Work request. Each line in the entries below that holds the word "dots" belongs in the answer.

----- Excerpted records -----

lemma norm_diff_square_shift_le:
  fixes p q q' :: "'a::real_normed_vector"
  assumes "norm (p - q) \<le> D" "norm (p - q') \<le> D"
  shows "(norm (p - q'))^2 \<le> (norm (p - q))^2 + 2 * D * norm (q' - q)"
proof -
  have "(norm (p - q'))^2 - (norm (p - q))^2 = (norm (p - q') - norm (p - q)) * (norm (p - q') + norm (p - q))"
    by (simp add: power2_eq_square algebra_simps)
  also have "\<dots> \<le> norm (q' - q) * (2 * D)"
  proof (rule mult_mono)
    show "norm (p - q') - norm (p - q) \<le> norm (q' - q)"
      using norm_triangle_ineq3[of "p - q'" "p - q"] by (simp add: norm_minus_commute)
  qed (use assms in auto)
  finally show ?thesis by (simp add: algebra_simps)
qed

lemma sum_telescope_le:
  fixes a b c :: "nat \<Rightarrow> real"
  assumes "1 \<le> T" and step: "\<forall>t\<in>{1..<T}. a (Suc t) \<le> b t + c t"
  shows "(\<Sum>t=1..T. a t - b t) \<le> a 1 - b T + (\<Sum>t\<in>{1..<T}. c t)"
  using assms
proof (induction T rule: nat_induct_at_least)
  case base
  then show ?case by simp
next
  case (Suc T)
  then have "(\<Sum>t=1..T. a t - b t) \<le> a 1 - b T + (\<Sum>t\<in>{1..<T}. c t)" by simp
  moreover have "a (Suc T) \<le> b T + c T" using Suc by simp
  moreover have "(\<Sum>t=1..Suc T. a t - b t) = (\<Sum>t=1..T. a t - b t) + (a (Suc T) - b (Suc T))"
    using Suc by simp
  moreover have "(\<Sum>t\<in>{1..<Suc T}. c t) = (\<Sum>t\<in>{1..<T}. c t) + c T"
    using Suc by (simp add: sum.atLeastLessThan_Suc)
  ultimately show ?case by linarith
qed

lemma ogd_dynamic_regret:
  fixes \<Omega> :: "'a::euclidean_space set" and xs gs us :: "nat \<Rightarrow> 'a"
  assumes \<Omega>: "convex \<Omega>" "closed \<Omega>"
    and diam: "\<forall>v\<in>\<Omega>. \<forall>v'\<in>\<Omega>. norm (v - v') \<le> D"
    and \<eta>: "0 < \<eta>" and T: "1 \<le> T"
    and xs: "\<forall>t\<in>{1..T}. xs t \<in> \<Omega>" and us: "\<forall>t\<in>{1..T}. us t \<in> \<Omega>"
    and step: "\<forall>t\<in>{1..<T}. xs (Suc t) = closest_point \<Omega> (xs t - \<eta> *\<^sub>R gs t)"
    and gs: "\<forall>t\<in>{1..T}. norm (gs t) \<le> G"
  shows "(\<Sum>t=1..T. gs t \<bullet> (xs t - us t))
    \<le> (D^2 + 2 * D * (\<Sum>t=1..T. norm (us (Suc t) - us t))) / (2 * \<eta>) + \<eta> * T * G^2 / 2"
proof -
  define a where "a t = (norm (xs t - us t))^2" for t
  define b where "b t = (norm (closest_point \<Omega> (xs t - \<eta> *\<^sub>R gs t) - us t))^2" for t
  define P where "P = (\<Sum>t=1..T. norm (us (Suc t) - us t))"
  have D: "0 \<le> D" using diam xs T by (metis atLeastAtMost_iff le_refl norm_ge_zero order_trans)
  have "(\<Sum>t=1..T. 2 * \<eta> * (gs t \<bullet> (xs t - us t))) \<le> (\<Sum>t=1..T. a t - b t + \<eta>^2 * G^2)"
  proof (rule sum_mono)
    fix t assume t: "t \<in> {1..T}"
    have "\<eta>^2 * (norm (gs t))^2 \<le> \<eta>^2 * G^2"
      using gs t by (intro mult_left_mono power_mono) auto
    then show "2 * \<eta> * (gs t \<bullet> (xs t - us t)) \<le> a t - b t + \<eta>^2 * G^2"
      using projected_gradient_step[OF \<Omega>, of "us t" \<eta> "gs t" "xs t"] us t
      by (simp add: a_def b_def)
  qed
  also have "\<dots> = (\<Sum>t=1..T. a t - b t) + T * (\<eta>^2 * G^2)" by (simp add: sum.distrib)
  also have "(\<Sum>t=1..T. a t - b t) \<le> a 1 - b T + (\<Sum>t\<in>{1..<T}. 2 * D * norm (us (Suc t) - us t))"
  proof (rule sum_telescope_le[OF T], intro ballI)
    fix t assume t: "t \<in> {1..<T}"
    then have "xs (Suc t) \<in> \<Omega>" "us t \<in> \<Omega>" "us (Suc t) \<in> \<Omega>" using xs us by auto
    then show "a (Suc t) \<le> b t + 2 * D * norm (us (Suc t) - us t)"
      using step t diam by (auto simp: a_def b_def intro!: norm_diff_square_shift_le)
  qed
  also have "a 1 - b T + (\<Sum>t\<in>{1..<T}. 2 * D * norm (us (Suc t) - us t)) \<le> D^2 + 2 * D * P"
  proof -
    have "a 1 \<le> D^2" using diam xs us T by (auto simp: a_def intro!: power_mono)
    moreover have "(\<Sum>t\<in>{1..<T}. norm (us (Suc t) - us t)) \<le> P"
      unfolding P_def by (rule sum_mono2) auto
    then have "2 * D * (\<Sum>t\<in>{1..<T}. norm (us (Suc t) - us t)) \<le> 2 * D * P"
      using D by (intro mult_left_mono) auto
    moreover have "0 \<le> b T" by (simp add: b_def)
    ultimately show ?thesis using \<open>a 1 \<le> D^2\<close> by (simp add: sum_distrib_left[symmetric])
  qed
  finally have "2 * \<eta> * (\<Sum>t=1..T. gs t \<bullet> (xs t - us t)) \<le> D^2 + 2 * D * P + T * (\<eta>^2 * G^2)"
    by (simp add: sum_distrib_left)
  then show ?thesis using \<eta> by (simp add: P_def field_simps power2_eq_square)
qed

lemma tuned_step_size_bound:
  fixes D G P m T :: real
  assumes D: "0 < D" and G: "0 < G" and P: "0 \<le> P" "P \<le> D"
    and m: "1 \<le> m" "m \<le> T" "T \<le> 2 * m"
  shows "(D^2 + 2 * D * P) / (2 * (D / (G * sqrt m))) + D / (G * sqrt m) * T * G^2 / 2
    \<le> ((1 + sqrt 2) / 2 * D * G + G * sqrt (D * P)) * sqrt T"
proof -
  have sm: "0 < sqrt m" using m by simp
  have "(D^2 + 2 * D * P) / (2 * (D / (G * sqrt m))) + D / (G * sqrt m) * T * G^2 / 2
      = D * G * sqrt m / 2 + P * G * sqrt m + D * G * (T / sqrt m) / 2"
    using sm D G by (simp add: field_simps power2_eq_square)
  also have "\<dots> \<le> D * G * sqrt T / 2 + sqrt (D * P) * G * sqrt T + D * G * (sqrt 2 * sqrt T) / 2"
  proof (intro add_mono divide_right_mono mult_mono mult_left_mono)
    show "sqrt m \<le> sqrt T" using m by simp
    show "P \<le> sqrt (D * P)" using P by (intro real_le_rsqrt) (simp add: power2_eq_square mult_right_mono)
    have "(T / sqrt m)^2 \<le> 2 * T"
      using m by (simp add: power_divide divide_le_eq power2_eq_square mult_right_mono)
    then show "T / sqrt m \<le> sqrt 2 * sqrt T" by (simp add: real_le_rsqrt flip: real_sqrt_mult)
  qed (use D G P m in auto)
  also have "\<dots> = ((1 + sqrt 2) / 2 * D * G + G * sqrt (D * P)) * sqrt T"
    by (simp add: algebra_simps add_divide_distrib)
  finally show ?thesis .
qed

lemma ogd_tuned_dynamic_regret:
  fixes \<Omega> :: "'a::euclidean_space set" and f :: "nat \<Rightarrow> 'a \<Rightarrow> real" and g :: "nat \<Rightarrow> 'a \<Rightarrow> 'a"
    and xs us :: "nat \<Rightarrow> 'a" and m :: nat
  assumes \<Omega>: "convex \<Omega>" "closed \<Omega>"
    and diam: "\<forall>v\<in>\<Omega>. \<forall>v'\<in>\<Omega>. norm (v - v') \<le> D"
    and convex_f: "\<forall>t\<in>{1..T}. convex_on \<Omega> (f t)"
    and grad: "\<forall>t\<in>{1..T}. \<forall>v\<in>\<Omega>. (f t has_derivative (\<lambda>h. g t v \<bullet> h)) (at v within \<Omega>)"
    and grad_bound: "\<forall>t\<in>{1..T}. \<forall>v\<in>\<Omega>. norm (g t v) \<le> G"
    and xs: "\<forall>t\<in>{1..T}. xs t \<in> \<Omega>"
    and step: "\<forall>t\<in>{1..<T}. xs (Suc t) = closest_point \<Omega> (xs t - (D / (G * sqrt m)) *\<^sub>R g t (xs t))"
    and us: "\<forall>t\<in>{1..T}. us t \<in> \<Omega>"
    and path: "(\<Sum>t=1..T. norm (us (Suc t) - us t)) \<le> D"
    and m: "1 \<le> m" "m \<le> T" "T \<le> 2 * m"
  shows "(\<Sum>t=1..T. f t (xs t) - f t (us t))
    \<le> ((1 + sqrt 2) / 2 * D * G + G * sqrt (D * (\<Sum>t=1..T. norm (us (Suc t) - us t)))) * sqrt T"
proof -
  define P where "P = (\<Sum>t=1..T. norm (us (Suc t) - us t))"
  have P: "0 \<le> P" by (simp add: P_def sum_nonneg)
  have one: "1 \<in> {1..T}" using m by simp
  then have "norm (xs 1 - xs 1) \<le> D" "norm (g 1 (xs 1)) \<le> G" using xs diam grad_bound by blast+
  then have D: "0 \<le> D" and G: "0 \<le> G" by (simp, meson norm_ge_zero order_trans)
  have "(\<Sum>t=1..T. f t (xs t) - f t (us t)) \<le> (\<Sum>t=1..T. g t (xs t) \<bullet> (xs t - us t))"
  proof (rule sum_mono)
    fix t assume t: "t \<in> {1..T}"
    have "f t (xs t) + g t (xs t) \<bullet> (us t - xs t) \<le> f t (us t)"
      using t xs us convex_f grad by (intro convex_on_gradient_ineq[OF \<Omega>(1)]) auto
    then show "f t (xs t) - f t (us t) \<le> g t (xs t) \<bullet> (xs t - us t)"
      by (simp add: inner_diff_right)
  qed
  also have "\<dots> \<le> ((1 + sqrt 2) / 2 * D * G + G * sqrt (D * P)) * sqrt T"
  proof (cases "G = 0 \<or> D = 0")
    case True
    have "g t (xs t) \<bullet> (xs t - us t) = 0" if "t \<in> {1..T}" for t
      using True grad_bound diam xs us that by fastforce
    then show ?thesis using D G P by simp
  next
    case False
    then have "0 < D" "0 < G" using D G by auto
    then have "(\<Sum>t=1..T. g t (xs t) \<bullet> (xs t - us t))
        \<le> (D^2 + 2 * D * P) / (2 * (D / (G * sqrt m))) + D / (G * sqrt m) * T * G^2 / 2"
      unfolding P_def using m xs us step grad_bound
      by (intro ogd_dynamic_regret[OF \<Omega> diam]) auto
    also have "\<dots> \<le> ((1 + sqrt 2) / 2 * D * G + G * sqrt (D * P)) * sqrt T"
      using \<open>0 < D\<close> \<open>0 < G\<close> P m path by (intro tuned_step_size_bound) (auto simp: P_def)
    finally show ?thesis .
  qed
  finally show ?thesis by (simp add: P_def)
qed

theorem lemma6:
  fixes \<Omega> :: "'a::euclidean_space set"
    and f :: "nat \<Rightarrow> 'a \<Rightarrow> real"
    and g :: "nat \<Rightarrow> 'a \<Rightarrow> 'a"
    and G D :: real
    and T :: nat
    and x :: "nat \<Rightarrow> nat \<Rightarrow> 'a"
    and w :: "nat \<Rightarrow> 'a"
    and u :: "nat \<Rightarrow> 'a"
  assumes T_pos: "T \<ge> 1"
    and convex_dom: "convex \<Omega>" and closed_dom: "closed \<Omega>"
    and zero_in: "0 \<in> \<Omega>"
    and diam: "\<forall>v\<in>\<Omega>. \<forall>v'\<in>\<Omega>. norm (v - v') \<le> D"
    and convex_f: "\<forall>t\<in>{1..T}. convex_on \<Omega> (f t)"
    and grad: "\<forall>t\<in>{1..T}. \<forall>v\<in>\<Omega>. (f t has_derivative (\<lambda>h. g t v \<bullet> h)) (at v within \<Omega>)"
    and grad_bound: "\<forall>t\<in>{1..T}. \<forall>v\<in>\<Omega>. norm (g t v) \<le> G"
    and f_range: "\<forall>t\<in>{1..T}. \<forall>v\<in>\<Omega>. 0 \<le> f t v \<and> f t v \<le> 1"
    and expert_init: "\<forall>k\<in>levels T. x k 1 \<in> \<Omega>"
    and expert_step: "\<forall>k\<in>levels T. \<forall>t\<in>{1..<T}.
        x k (Suc t) = closest_point \<Omega> (x k t - (D / (G * sqrt (2 ^ k))) *\<^sub>R g t (x k t))"
    and play: "\<forall>t\<in>{1..T}. w t = (\<Sum>k\<in>levels T. meta_prob T f w x k t *\<^sub>R x k t)"
    and comparator: "\<forall>t\<in>{1..T+1}. u t \<in> \<Omega>"
    and path_len: "(\<Sum>t=1..T. norm (u (Suc t) - u t)) \<le> D"
  shows "(\<Sum>t=1..T. f t (w t)) - (\<Sum>t=1..T. f t (u t))
         \<le> ((1 + sqrt 2) / 2 * D * G + G * sqrt (D * (\<Sum>t=1..T. norm (u (Suc t) - u t)))
             + sqrt (6 * cT T)) * sqrt (real T)"
proof -
  obtain kk where kk: "2 ^ kk \<le> T" "T < 2 ^ Suc kk"
    using ex_power_ivl1[of 2 T] T_pos by auto
  have x_in: "\<forall>k\<in>levels T. \<forall>t\<in>{1..T}. x k t \<in> \<Omega>"
  proof
    fix k assume "k \<in> levels T"
    then show "\<forall>t\<in>{1..T}. x k t \<in> \<Omega>"
      using expert_init expert_step zero_in by (intro projected_iterates_in[OF closed_dom]) auto
  qed
  have meta: "(\<Sum>t=1..T. f t (w t) - f t (x kk t)) \<le> sqrt (6 * cT T) * sqrt T"
    by (rule aod_meta_regret[OF T_pos kk convex_dom zero_in convex_f f_range x_in play])
  have "kk \<in> levels T" using kk by (simp add: levels_def)
  then have expert: "(\<Sum>t=1..T. f t (x kk t) - f t (u t))
      \<le> ((1 + sqrt 2) / 2 * D * G + G * sqrt (D * (\<Sum>t=1..T. norm (u (Suc t) - u t)))) * sqrt T"
    using convex_dom closed_dom diam convex_f grad grad_bound x_in expert_step comparator path_len kk
    by (intro ogd_tuned_dynamic_regret[where m = "2 ^ kk"]) auto
  show ?thesis
    using meta expert by (simp add: sum_subtractf algebra_simps)
qed

end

-----

Response for this exercise.
  also have "\<dots> \<le> norm (q' - q) * (2 * D)"
  also have "\<dots> = (\<Sum>t=1..T. a t - b t) + T * (\<eta>^2 * G^2)" by (simp add: sum.distrib)
  also have "\<dots> \<le> D * G * sqrt T / 2 + sqrt (D * P) * G * sqrt T + D * G * (sqrt 2 * sqrt T) / 2"
  also have "\<dots> = ((1 + sqrt 2) / 2 * D * G + G * sqrt (D * P)) * sqrt T"
  also have "\<dots> \<le> ((1 + sqrt 2) / 2 * D * G + G * sqrt (D * P)) * sqrt T"
    also have "\<dots> \<le> ((1 + sqrt 2) / 2 * D * G + G * sqrt (D * P)) * sqrt T"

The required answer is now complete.